> **Required action**
If a line includes "invariant", copy it out of the entries.

┌─ Data shown

(* Let $(N,\langle\cdot,\cdot\rangle,\varphi)$ be a modified $H$-type group (see context). Let $z,z'\in\mathfrak z$ and $e,e'\in\mathfrak v$ be pseudo-orthonormal, i.e. $\langle z,z\rangle,\langle z',z'\rangle,\langle e,e\rangle,\langle e',e'\rangle\in\{\pm1\}$, $\langle z,z'\rangle=0$ and $\langle e,e'\rangle=0$. Then the sectional curvatures satisfy $$K(z,z')=0,\qquad K(z,e)=\tfrac14\,\varepsilon_z\,\varphi(z),\qquad K(e,e')=-\tfrac34\,\varepsilon_e\,\varepsilon_{e'}\,\langle [e,e'],[e,e']\rangle,$$ where $\varepsilon_u=\langle u,u\rangle=\pm1$ for $u\in\{z,e,e'\}$.
   Context: Let $N$ be a 2-step nilpotent real Lie group with Lie algebra $\mathfrak n$, Lie bracket $[\cdot,\cdot]$ and center $\mathfrak z$, endowed with a left-invariant pseudo-Riemannian metric $\langle\cdot,\cdot\rangle$ (identified with an inner product on $\mathfrak n$) for which $\mathfrak z$ is nondegenerate. Put $\mathfrak v=\mathfrak z^\perp$, so $\mathfrak n=\mathfrak z\oplus\mathfrak v$ orthogonally. For $z\in\mathfrak z$ define the skew-adjoint endomorphism $j(z)$ of $\mathfrak v$ by $\langle [x,y],z\rangle=\langle y,j(z)x\rangle$ for all $x,y\in\mathfrak v$. Given a quadratic form $\varphi$ on $\mathfrak z$, the triple $(N,\langle\cdot,\cdot\rangle,\varphi)$ is called a modified $H$-type group if $\langle j(z)x,j(z)y\rangle=\varphi(z)\langle x,y\rangle$ for all $z\in\mathfrak z$, $x,y\in\mathfrak v$; equivalently $j(z)^2=-\varphi(z)\,\mathrm{Id}_{\mathfrak v}$ for all $z\in\mathfrak z$. ($\varphi$ may be indefinite or degenerate.) Sectional curvature of a nondegenerate plane spanned by $u,w$ is $K(u,w)=\langle R(u,w)w,u\rangle/(\langle u,u\rangle\langle w,w\rangle-\langle u,w\rangle^2)$ for the Levi-Civita curvature tensor $R$. *)

theory Defs
  imports "HOL-Analysis.Analysis"
begin

text \<open>Algebraic model of a simply connected Lie group with left-invariant
pseudo-Riemannian metric: the Lie algebra n is a finite-dimensional real
vector space (type 'a :: euclidean_space; its own Euclidean inner product is
never used), the metric is a nondegenerate symmetric bilinear form g, and
br is the Lie bracket.\<close>

definition lie_bracket :: "('a::real_vector \<Rightarrow> 'a \<Rightarrow> 'a) \<Rightarrow> bool" where
  "lie_bracket br \<longleftrightarrow> bilinear br \<and> (\<forall>x. br x x = 0) \<and>
     (\<forall>x y w. br x (br y w) + br y (br w x) + br w (br x y) = 0)"

definition two_step_nilpotent :: "('a::real_vector \<Rightarrow> 'a \<Rightarrow> 'a) \<Rightarrow> bool" where
  "two_step_nilpotent br \<longleftrightarrow> (\<forall>x y w. br (br x y) w = 0) \<and> (\<exists>x y. br x y \<noteq> 0)"

definition pseudo_metric :: "('a::real_vector \<Rightarrow> 'a \<Rightarrow> real) \<Rightarrow> bool" where
  "pseudo_metric g \<longleftrightarrow> bilinear g \<and> (\<forall>x y. g x y = g y x) \<and>
     (\<forall>x. (\<forall>y. g x y = 0) \<longrightarrow> x = 0)"

definition center :: "('a::real_vector \<Rightarrow> 'a \<Rightarrow> 'a) \<Rightarrow> 'a set" where
  "center br = {z. \<forall>x. br z x = 0}"

definition vpart :: "('a::real_vector \<Rightarrow> 'a \<Rightarrow> real) \<Rightarrow> ('a \<Rightarrow> 'a \<Rightarrow> 'a) \<Rightarrow> 'a set" where
  "vpart g br = {x. \<forall>z\<in>center br. g x z = 0}"

definition nondegenerate_on :: "('a::real_vector \<Rightarrow> 'a \<Rightarrow> real) \<Rightarrow> 'a set \<Rightarrow> bool" where
  "nondegenerate_on g S \<longleftrightarrow> (\<forall>x\<in>S. (\<forall>y\<in>S. g x y = 0) \<longrightarrow> x = 0)"

definition is_j :: "('a::real_vector \<Rightarrow> 'a \<Rightarrow> real) \<Rightarrow> ('a \<Rightarrow> 'a \<Rightarrow> 'a) \<Rightarrow> ('a \<Rightarrow> 'a \<Rightarrow> 'a) \<Rightarrow> bool" where
  "is_j g br j \<longleftrightarrow>
     (\<forall>z\<in>center br. \<forall>x\<in>vpart g br. j z x \<in> vpart g br) \<and>
     (\<forall>z\<in>center br. \<forall>x\<in>vpart g br. \<forall>y\<in>vpart g br. g (br x y) z = g y (j z x))"

definition quadratic_form_on :: "'a::real_vector set \<Rightarrow> ('a \<Rightarrow> real) \<Rightarrow> bool" where
  "quadratic_form_on S \<phi> \<longleftrightarrow>
     (\<exists>B::'a \<Rightarrow> 'a \<Rightarrow> real. bilinear B \<and> (\<forall>x y. B x y = B y x) \<and> (\<forall>z\<in>S. \<phi> z = B z z))"

definition modified_H_type ::
  "('a::euclidean_space \<Rightarrow> 'a \<Rightarrow> real) \<Rightarrow> ('a \<Rightarrow> 'a \<Rightarrow> 'a) \<Rightarrow> ('a \<Rightarrow> real) \<Rightarrow> bool" where
  "modified_H_type g br \<phi> \<longleftrightarrow>
     lie_bracket br \<and> two_step_nilpotent br \<and> pseudo_metric g \<and>
     nondegenerate_on g (center br) \<and> quadratic_form_on (center br) \<phi> \<and>
     (\<exists>j. is_j g br j \<and>
        (\<forall>z\<in>center br. \<forall>x\<in>vpart g br. \<forall>y\<in>vpart g br.
            g (j z x) (j z y) = \<phi> z * g x y))"

text \<open>Levi-Civita connection on left-invariant vector fields (Koszul formula):
  2 g (nabla x y) w = g [x,y] w - g [y,w] x + g [w,x] y.\<close>
definition lc_conn :: "('a::real_vector \<Rightarrow> 'a \<Rightarrow> real) \<Rightarrow> ('a \<Rightarrow> 'a \<Rightarrow> 'a) \<Rightarrow> 'a \<Rightarrow> 'a \<Rightarrow> 'a" where
  "lc_conn g br x y = (THE u. \<forall>w. 2 * g u w = g (br x y) w - g (br y w) x + g (br w x) y)"

definition curv :: "('a::real_vector \<Rightarrow> 'a \<Rightarrow> real) \<Rightarrow> ('a \<Rightarrow> 'a \<Rightarrow> 'a) \<Rightarrow> 'a \<Rightarrow> 'a \<Rightarrow> 'a \<Rightarrow> 'a" where
  "curv g br x y w = lc_conn g br x (lc_conn g br y w) - lc_conn g br y (lc_conn g br x w)
                     - lc_conn g br (br x y) w"

definition sec_curv :: "('a::real_vector \<Rightarrow> 'a \<Rightarrow> real) \<Rightarrow> ('a \<Rightarrow> 'a \<Rightarrow> 'a) \<Rightarrow> 'a \<Rightarrow> 'a \<Rightarrow> real" where
  "sec_curv g br u w = g (curv g br u w w) u / (g u u * g w w - (g u w)^2)"

end

theory Submission
  imports Defs
begin

text \<open>All three numerators come from the Koszul formula for left-invariant fields.
Brackets are central and \<open>v\<close> is orthogonal to the centre, so
\<open>\<nabla>\<^sub>z z' = 0\<close> for central \<open>z, z'\<close>, \<open>\<nabla>\<^sub>x x = 0\<close> for \<open>x \<in> v\<close>, and
\<open>\<nabla>\<^sub>z x\<close> pairs with \<open>j(z) x\<close> like \<open>-j(z) x / 2\<close>. Pairing each curvature term
with a single vector then gives \<open>\<langle>R(z,x)x, z\<rangle> = \<langle>j(z)x, j(z)x\<rangle>/4 = \<phi>(z)\<langle>x,x\<rangle>/4\<close>
and \<open>\<langle>R(x,y)y, x\<rangle> = -3\<langle>[x,y],[x,y]\<rangle>/4\<close>; pseudo-orthonormality makes the
denominators \<open>\<plusminus>1\<close>.\<close>

lemma pseudo_metric_represents_linear:
  fixes g :: "'a::euclidean_space \<Rightarrow> 'a \<Rightarrow> real"
  assumes "pseudo_metric g" and "linear L"
  shows "\<exists>x. g x = L"
proof -
  have bl: "bilinear g" and nondeg: "\<And>x. (\<forall>y. g x y = 0) \<Longrightarrow> x = 0"
    using assms(1) unfolding pseudo_metric_def by auto
  have lin_right: "linear (g x)" for x
    using bl unfolding bilinear_def by auto
  have lin_left: "linear (\<lambda>x. g x y)" for y
    using bl unfolding bilinear_def by auto
  define T where "T x = (\<Sum>b\<in>Basis. g x b *\<^sub>R b)" for x
  have T_Basis: "T x \<bullet> b = g x b" if "b \<in> Basis" for x b
    using that by (simp add: T_def inner_sum_left inner_Basis if_distrib cong: if_cong)
  have "linear T"
    by (rule linearI) (simp_all add: T_def linear_add[OF lin_left] linear_scale[OF lin_left]
        scaleR_add_left sum.distrib scaleR_sum_right)
  moreover have "inj T"
    unfolding linear_injective_0[OF \<open>linear T\<close>]
  proof (intro allI impI)
    fix x assume "T x = 0"
    then have "g x = (\<lambda>_. 0)"
      by (intro linear_eq_stdbasis[OF lin_right]) (auto simp: T_Basis[symmetric] linear_zero)
    then show "x = 0" by (intro nondeg) simp
  qed
  ultimately obtain x where x: "T x = (\<Sum>b\<in>Basis. L b *\<^sub>R b)"
    by (metis linear_injective_imp_surjective surjE)
  have "g x = L"
  proof (rule linear_eq_stdbasis[OF lin_right \<open>linear L\<close>])
    fix b :: 'a assume "b \<in> Basis"
    then show "g x b = L b"
      by (simp add: T_Basis[symmetric] x inner_sum_left inner_Basis if_distrib cong: if_cong)
  qed
  then show ?thesis ..
qed

locale two_step_metric_lie_algebra =
  fixes g :: "'a::euclidean_space \<Rightarrow> 'a \<Rightarrow> real" and br :: "'a \<Rightarrow> 'a \<Rightarrow> 'a"
  assumes pseudo_metric: "pseudo_metric g"
    and lie_bracket: "lie_bracket br"
    and br_br: "br (br x y) w = 0"
begin

lemma g_bilinear: "bilinear g"
  and g_sym: "g x y = g y x"
  and g_nondegenerate: "(\<And>w. g u w = 0) \<Longrightarrow> u = 0"
  using pseudo_metric unfolding pseudo_metric_def by auto

lemma br_bilinear: "bilinear br"
  and br_self [simp]: "br x x = 0"
  using lie_bracket unfolding lie_bracket_def by auto

lemma g_zero [simp]: "g 0 w = 0" "g w 0 = 0"
  and g_diff_left [simp]: "g (x - y) w = g x w - g y w"
  and g_minus_left [simp]: "g (- x) w = - g x w"
  by (simp_all add: bilinear_lzero bilinear_rzero bilinear_lsub bilinear_lneg g_bilinear)

lemma br_zero [simp]: "br 0 w = 0" "br w 0 = 0"
  by (simp_all add: bilinear_lzero bilinear_rzero br_bilinear)

lemma br_antisym: "br y x = - br x y"
proof -
  have "br (x + y) (x + y) = br x x + br x y + br y x + br y y"
    by (simp add: bilinear_ladd bilinear_radd br_bilinear del: br_self)
  then show ?thesis by (simp add: add_eq_0_iff)
qed

lemma br_in_center: "br x y \<in> center br"
  unfolding center_def by (simp add: br_br)

lemma center_br [simp]: "c \<in> center br \<Longrightarrow> br c x = 0"
  unfolding center_def by simp

lemma br_center [simp]: "c \<in> center br \<Longrightarrow> br x c = 0"
  using br_antisym[of c x] by simp

lemma vpart_g_center [simp]: "x \<in> vpart g br \<Longrightarrow> c \<in> center br \<Longrightarrow> g x c = 0"
  and center_g_vpart [simp]: "x \<in> vpart g br \<Longrightarrow> c \<in> center br \<Longrightarrow> g c x = 0"
  unfolding vpart_def by (auto simp: g_sym[of c x])

lemma lc_conn_koszul:
  "2 * g (lc_conn g br x y) w = g (br x y) w - g (br y w) x + g (br w x) y"
proof -
  let ?K = "\<lambda>w. g (br x y) w - g (br y w) x + g (br w x) y"
  have "linear (\<lambda>w. ?K w / 2)"
    by (rule linearI) (simp_all add: g_bilinear br_bilinear bilinear_radd bilinear_ladd
        bilinear_rmul bilinear_lmul field_simps)
  then obtain u where u: "g u = (\<lambda>w. ?K w / 2)"
    using pseudo_metric_represents_linear[OF pseudo_metric] by blast
  have "\<exists>!u. \<forall>w. 2 * g u w = ?K w"
  proof (rule ex1I)
    show "\<forall>w. 2 * g u w = ?K w" by (simp add: u)
    fix v assume v: "\<forall>w. 2 * g v w = ?K w"
    have "g (v - u) w = 0" for w
      using v[rule_format, of w] by (simp add: u)
    then show "v = u"
      using g_nondegenerate by fastforce
  qed
  from theI'[OF this] show ?thesis
    unfolding lc_conn_def by blast
qed

lemma lc_conn_eq_0I:
  assumes "\<And>w. g (br x y) w - g (br y w) x + g (br w x) y = 0"
  shows "lc_conn g br x y = 0"
  by (rule g_nondegenerate) (use lc_conn_koszul[of x y] assms in simp)

lemma lc_conn_0_left [simp]: "lc_conn g br 0 y = 0"
  and lc_conn_0_right [simp]: "lc_conn g br x 0 = 0"
  by (simp_all add: lc_conn_eq_0I)

lemma lc_conn_center_center:
  "z \<in> center br \<Longrightarrow> z' \<in> center br \<Longrightarrow> lc_conn g br z z' = 0"
  by (simp add: lc_conn_eq_0I)

lemma lc_conn_vpart_self: "x \<in> vpart g br \<Longrightarrow> lc_conn g br x x = 0"
  by (simp add: lc_conn_eq_0I br_in_center)

lemma lc_conn_center_in_vpart:
  assumes "z \<in> center br"
  shows "lc_conn g br z x \<in> vpart g br"
  unfolding vpart_def
proof safe
  fix c assume "c \<in> center br"
  then show "g (lc_conn g br z x) c = 0"
    using lc_conn_koszul[of z x c] assms by simp
qed

lemma curv_center:
  assumes "z \<in> center br" "z' \<in> center br" "w \<in> center br"
  shows "curv g br z z' w = 0"
  using assms by (simp add: curv_def lc_conn_center_center)

lemma g_curv_center_vpart:
  assumes "is_j g br j" and z: "z \<in> center br" and x: "x \<in> vpart g br"
  shows "g (curv g br z x x) z = g (j z x) (j z x) / 4"
proof -
  define a where "a = lc_conn g br z x"
  have a: "a \<in> vpart g br"
    unfolding a_def using z by (rule lc_conn_center_in_vpart)
  have jx: "j z x \<in> vpart g br"
    and br_j: "\<And>y. y \<in> vpart g br \<Longrightarrow> g (br x y) z = g y (j z x)"
    using assms unfolding is_j_def by auto
  have "2 * g a (j z x) = - g (j z x) (j z x)"
    using lc_conn_koszul[of z x "j z x"] br_j[OF jx] z by (simp add: a_def)
  moreover have "2 * g (lc_conn g br x a) z = g a (j z x)"
    using lc_conn_koszul[of x a z] br_j[OF a] z by simp
  moreover have "curv g br z x x = - lc_conn g br x a"
    using z x by (simp add: curv_def lc_conn_vpart_self a_def)
  ultimately show ?thesis by simp
qed

lemma g_curv_vpart_vpart:
  assumes x: "x \<in> vpart g br" and y: "y \<in> vpart g br"
  shows "g (curv g br x y y) x = - 3/4 * g (br x y) (br x y)"
proof -
  define c where "c = br x y"
  define d where "d = lc_conn g br x y"
  have c: "c \<in> center br"
    unfolding c_def by (rule br_in_center)
  have "2 * g d c = g c c"
    using lc_conn_koszul[of x y c] c by (simp add: c_def d_def)
  moreover have "2 * g (lc_conn g br y d) x = g c d"
    using lc_conn_koszul[of y d x] x y by (simp add: br_in_center c_def)
  moreover have "2 * g (lc_conn g br c y) x = g c c"
    using lc_conn_koszul[of c y x] c by (simp add: br_antisym[of x y] c_def)
  moreover have "curv g br x y y = - lc_conn g br y d - lc_conn g br c y"
    using y by (simp add: curv_def lc_conn_vpart_self c_def d_def)
  ultimately show ?thesis
    unfolding c_def[symmetric] using g_sym[of c d] by simp
qed

end

lemma modified_H_type_two_step:
  "modified_H_type g br \<phi> \<Longrightarrow> two_step_metric_lie_algebra g br"
  unfolding modified_H_type_def two_step_nilpotent_def
  by (simp add: two_step_metric_lie_algebra_def)

lemma divide_sign_mult:
  fixes a b x :: real
  assumes "a \<in> {1, -1}" and "b \<in> {1, -1}"
  shows "x / (a * b) = a * b * x"
  using assms by auto

theorem theorem3p3:
  fixes g :: "'a::euclidean_space \<Rightarrow> 'a \<Rightarrow> real"
    and br :: "'a \<Rightarrow> 'a \<Rightarrow> 'a"
    and \<phi> :: "'a \<Rightarrow> real"
    and z z' e e' :: 'a
  assumes "modified_H_type g br \<phi>"
    and "z \<in> center br" and "z' \<in> center br"
    and "e \<in> vpart g br" and "e' \<in> vpart g br"
    and "g z z \<in> {1, -1}" and "g z' z' \<in> {1, -1}"
    and "g e e \<in> {1, -1}" and "g e' e' \<in> {1, -1}"
    and "g z z' = 0" and "g e e' = 0"
  shows "sec_curv g br z z' = 0
    \<and> sec_curv g br z e = 1/4 * g z z * \<phi> z
    \<and> sec_curv g br e e' = - 3/4 * g e e * g e' e' * g (br e e') (br e e')"
proof -
  interpret two_step_metric_lie_algebra g br
    using assms(1) by (rule modified_H_type_two_step)
  obtain j where j: "is_j g br j"
    and j_phi: "\<And>z x y. z \<in> center br \<Longrightarrow> x \<in> vpart g br \<Longrightarrow> y \<in> vpart g br \<Longrightarrow>
                  g (j z x) (j z y) = \<phi> z * g x y"
    using assms(1) unfolding modified_H_type_def by blast
  have "sec_curv g br z z' = 0"
    using assms(2,3) by (simp add: sec_curv_def curv_center)
  moreover have "sec_curv g br z e = 1/4 * g z z * \<phi> z"
  proof -
    have "g (curv g br z e e) z = \<phi> z * g e e / 4"
      using g_curv_center_vpart[OF j assms(2,4)] j_phi assms(2,4) by simp
    then show ?thesis
      using assms(2,4,6,8) by (auto simp: sec_curv_def divide_sign_mult)
  qed
  moreover have "sec_curv g br e e' = - 3/4 * g e e * g e' e' * g (br e e') (br e e')"
    using assms(4,5,8,9,11)
    by (simp add: sec_curv_def g_curv_vpart_vpart divide_sign_mult)
  ultimately show ?thesis by blast
qed

end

└─

> **Your solution**
   Context: Let $N$ be a 2-step nilpotent real Lie group with Lie algebra $\mathfrak n$, Lie bracket $[\cdot,\cdot]$ and center $\mathfrak z$, endowed with a left-invariant pseudo-Riemannian metric $\langle\cdot,\cdot\rangle$ (identified with an inner product on $\mathfrak n$) for which $\mathfrak z$ is nondegenerate. Put $\mathfrak v=\mathfrak z^\perp$, so $\mathfrak n=\mathfrak z\oplus\mathfrak v$ orthogonally. For $z\in\mathfrak z$ define the skew-adjoint endomorphism $j(z)$ of $\mathfrak v$ by $\langle [x,y],z\rangle=\langle y,j(z)x\rangle$ for all $x,y\in\mathfrak v$. Given a quadratic form $\varphi$ on $\mathfrak z$, the triple $(N,\langle\cdot,\cdot\rangle,\varphi)$ is called a modified $H$-type group if $\langle j(z)x,j(z)y\rangle=\varphi(z)\langle x,y\rangle$ for all $z\in\mathfrak z$, $x,y\in\mathfrak v$; equivalently $j(z)^2=-\varphi(z)\,\mathrm{Id}_{\mathfrak v}$ for all $z\in\mathfrak z$. ($\varphi$ may be indefinite or degenerate.) Sectional curvature of a nondegenerate plane spanned by $u,w$ is $K(u,w)=\langle R(u,w)w,u\rangle/(\langle u,u\rangle\langle w,w\rangle-\langle u,w\rangle^2)$ for the Levi-Civita curvature tensor $R$. *)
text \<open>Algebraic model of a simply connected Lie group with left-invariant
text \<open>Levi-Civita connection on left-invariant vector fields (Koszul formula):
text \<open>All three numerators come from the Koszul formula for left-invariant fields.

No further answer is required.